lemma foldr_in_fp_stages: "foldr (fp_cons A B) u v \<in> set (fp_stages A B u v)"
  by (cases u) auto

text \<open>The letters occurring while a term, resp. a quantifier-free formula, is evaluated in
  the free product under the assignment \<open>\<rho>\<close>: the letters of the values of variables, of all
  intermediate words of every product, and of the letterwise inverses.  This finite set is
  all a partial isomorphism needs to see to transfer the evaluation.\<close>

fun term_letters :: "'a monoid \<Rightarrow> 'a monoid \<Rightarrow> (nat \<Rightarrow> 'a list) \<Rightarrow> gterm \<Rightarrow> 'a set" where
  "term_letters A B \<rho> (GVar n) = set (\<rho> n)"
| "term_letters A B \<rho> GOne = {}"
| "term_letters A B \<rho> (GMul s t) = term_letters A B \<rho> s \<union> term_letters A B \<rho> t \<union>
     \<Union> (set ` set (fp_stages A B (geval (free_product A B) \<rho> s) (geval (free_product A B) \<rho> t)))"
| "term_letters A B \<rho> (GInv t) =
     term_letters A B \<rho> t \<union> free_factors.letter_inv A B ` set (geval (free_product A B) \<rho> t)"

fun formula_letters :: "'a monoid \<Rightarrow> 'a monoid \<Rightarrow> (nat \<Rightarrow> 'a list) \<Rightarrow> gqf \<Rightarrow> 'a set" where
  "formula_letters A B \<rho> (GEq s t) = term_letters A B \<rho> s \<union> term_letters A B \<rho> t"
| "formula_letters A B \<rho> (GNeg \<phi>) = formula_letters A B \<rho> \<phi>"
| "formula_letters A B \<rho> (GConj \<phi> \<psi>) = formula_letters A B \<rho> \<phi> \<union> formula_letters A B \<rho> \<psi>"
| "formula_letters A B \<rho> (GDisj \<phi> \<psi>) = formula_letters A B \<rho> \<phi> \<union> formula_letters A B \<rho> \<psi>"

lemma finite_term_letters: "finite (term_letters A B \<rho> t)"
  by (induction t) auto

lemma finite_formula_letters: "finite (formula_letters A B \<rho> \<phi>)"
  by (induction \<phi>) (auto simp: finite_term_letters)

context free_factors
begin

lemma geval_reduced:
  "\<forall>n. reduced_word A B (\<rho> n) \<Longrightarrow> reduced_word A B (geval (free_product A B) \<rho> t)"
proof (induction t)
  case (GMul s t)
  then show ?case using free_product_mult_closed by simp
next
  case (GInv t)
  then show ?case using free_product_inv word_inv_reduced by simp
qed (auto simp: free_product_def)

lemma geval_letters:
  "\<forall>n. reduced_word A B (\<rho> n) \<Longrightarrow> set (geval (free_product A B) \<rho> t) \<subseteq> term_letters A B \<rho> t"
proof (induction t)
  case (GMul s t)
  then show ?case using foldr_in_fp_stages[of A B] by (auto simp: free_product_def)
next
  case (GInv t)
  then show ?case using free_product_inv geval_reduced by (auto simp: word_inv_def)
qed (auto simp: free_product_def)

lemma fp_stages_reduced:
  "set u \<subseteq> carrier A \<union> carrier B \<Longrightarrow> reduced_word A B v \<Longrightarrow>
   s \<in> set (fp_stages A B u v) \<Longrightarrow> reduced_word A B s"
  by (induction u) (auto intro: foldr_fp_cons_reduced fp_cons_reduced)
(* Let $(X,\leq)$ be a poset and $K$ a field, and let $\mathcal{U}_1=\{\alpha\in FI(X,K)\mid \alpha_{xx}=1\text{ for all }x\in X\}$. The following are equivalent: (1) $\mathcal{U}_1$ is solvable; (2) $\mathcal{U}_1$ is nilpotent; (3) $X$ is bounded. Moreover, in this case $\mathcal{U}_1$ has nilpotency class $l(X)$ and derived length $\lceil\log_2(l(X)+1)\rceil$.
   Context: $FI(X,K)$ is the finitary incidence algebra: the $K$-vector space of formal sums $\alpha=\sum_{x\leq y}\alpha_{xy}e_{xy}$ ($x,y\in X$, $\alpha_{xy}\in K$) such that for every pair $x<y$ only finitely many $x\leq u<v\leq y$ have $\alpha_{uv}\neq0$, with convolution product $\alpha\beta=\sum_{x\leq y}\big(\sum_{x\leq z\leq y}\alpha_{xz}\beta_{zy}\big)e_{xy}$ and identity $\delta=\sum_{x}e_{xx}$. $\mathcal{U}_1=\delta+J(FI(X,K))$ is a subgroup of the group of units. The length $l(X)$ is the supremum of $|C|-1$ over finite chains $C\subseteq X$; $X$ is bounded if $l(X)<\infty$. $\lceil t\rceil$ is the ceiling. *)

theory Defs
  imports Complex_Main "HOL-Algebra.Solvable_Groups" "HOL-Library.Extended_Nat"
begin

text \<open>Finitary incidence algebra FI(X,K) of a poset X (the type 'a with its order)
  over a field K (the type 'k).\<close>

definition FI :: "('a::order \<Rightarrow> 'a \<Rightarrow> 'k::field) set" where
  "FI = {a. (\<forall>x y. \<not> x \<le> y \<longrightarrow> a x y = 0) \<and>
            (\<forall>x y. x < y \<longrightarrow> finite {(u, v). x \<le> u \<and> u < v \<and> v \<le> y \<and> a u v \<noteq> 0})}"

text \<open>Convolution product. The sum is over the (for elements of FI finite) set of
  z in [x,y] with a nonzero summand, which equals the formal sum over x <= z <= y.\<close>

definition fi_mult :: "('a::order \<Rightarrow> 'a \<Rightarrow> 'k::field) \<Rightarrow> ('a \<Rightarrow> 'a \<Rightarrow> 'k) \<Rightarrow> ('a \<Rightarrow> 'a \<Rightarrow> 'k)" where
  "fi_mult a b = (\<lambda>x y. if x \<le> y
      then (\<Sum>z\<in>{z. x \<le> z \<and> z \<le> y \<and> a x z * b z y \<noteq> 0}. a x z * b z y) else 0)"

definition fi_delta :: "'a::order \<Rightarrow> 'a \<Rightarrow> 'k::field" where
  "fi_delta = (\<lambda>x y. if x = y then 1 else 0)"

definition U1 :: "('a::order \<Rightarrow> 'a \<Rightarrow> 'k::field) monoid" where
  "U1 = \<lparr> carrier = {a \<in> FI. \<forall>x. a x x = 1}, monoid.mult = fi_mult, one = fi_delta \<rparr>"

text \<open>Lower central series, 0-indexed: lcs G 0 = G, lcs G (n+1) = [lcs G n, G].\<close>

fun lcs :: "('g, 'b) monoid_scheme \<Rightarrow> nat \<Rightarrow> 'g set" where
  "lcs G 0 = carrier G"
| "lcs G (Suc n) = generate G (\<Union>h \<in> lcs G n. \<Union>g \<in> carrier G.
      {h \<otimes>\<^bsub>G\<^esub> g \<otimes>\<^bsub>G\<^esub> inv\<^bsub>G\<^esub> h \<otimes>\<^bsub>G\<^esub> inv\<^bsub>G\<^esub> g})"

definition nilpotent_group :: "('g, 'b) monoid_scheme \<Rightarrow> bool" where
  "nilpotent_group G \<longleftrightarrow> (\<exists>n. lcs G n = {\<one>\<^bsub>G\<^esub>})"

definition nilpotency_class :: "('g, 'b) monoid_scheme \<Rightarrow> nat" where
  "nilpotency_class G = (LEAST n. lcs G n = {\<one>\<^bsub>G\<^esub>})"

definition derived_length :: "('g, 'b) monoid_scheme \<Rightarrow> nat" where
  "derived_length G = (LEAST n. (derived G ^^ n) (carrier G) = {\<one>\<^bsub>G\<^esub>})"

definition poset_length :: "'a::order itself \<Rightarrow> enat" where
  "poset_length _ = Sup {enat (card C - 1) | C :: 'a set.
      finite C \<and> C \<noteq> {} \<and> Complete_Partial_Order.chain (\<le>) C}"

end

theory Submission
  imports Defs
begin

########################################

** REQUIREMENT **
Retype exactly the lines from the first line of the records above through the line containing "intermediate words of", both included, and nothing else.

** ANSWER FOR THE TASK **
lemma foldr_in_fp_stages: "foldr (fp_cons A B) u v \<in> set (fp_stages A B u v)"
  by (cases u) auto

text \<open>The letters occurring while a term, resp. a quantifier-free formula, is evaluated in
  the free product under the assignment \<open>\<rho>\<close>: the letters of the values of variables, of all
  intermediate words of every product, and of the letterwise inverses.  This finite set is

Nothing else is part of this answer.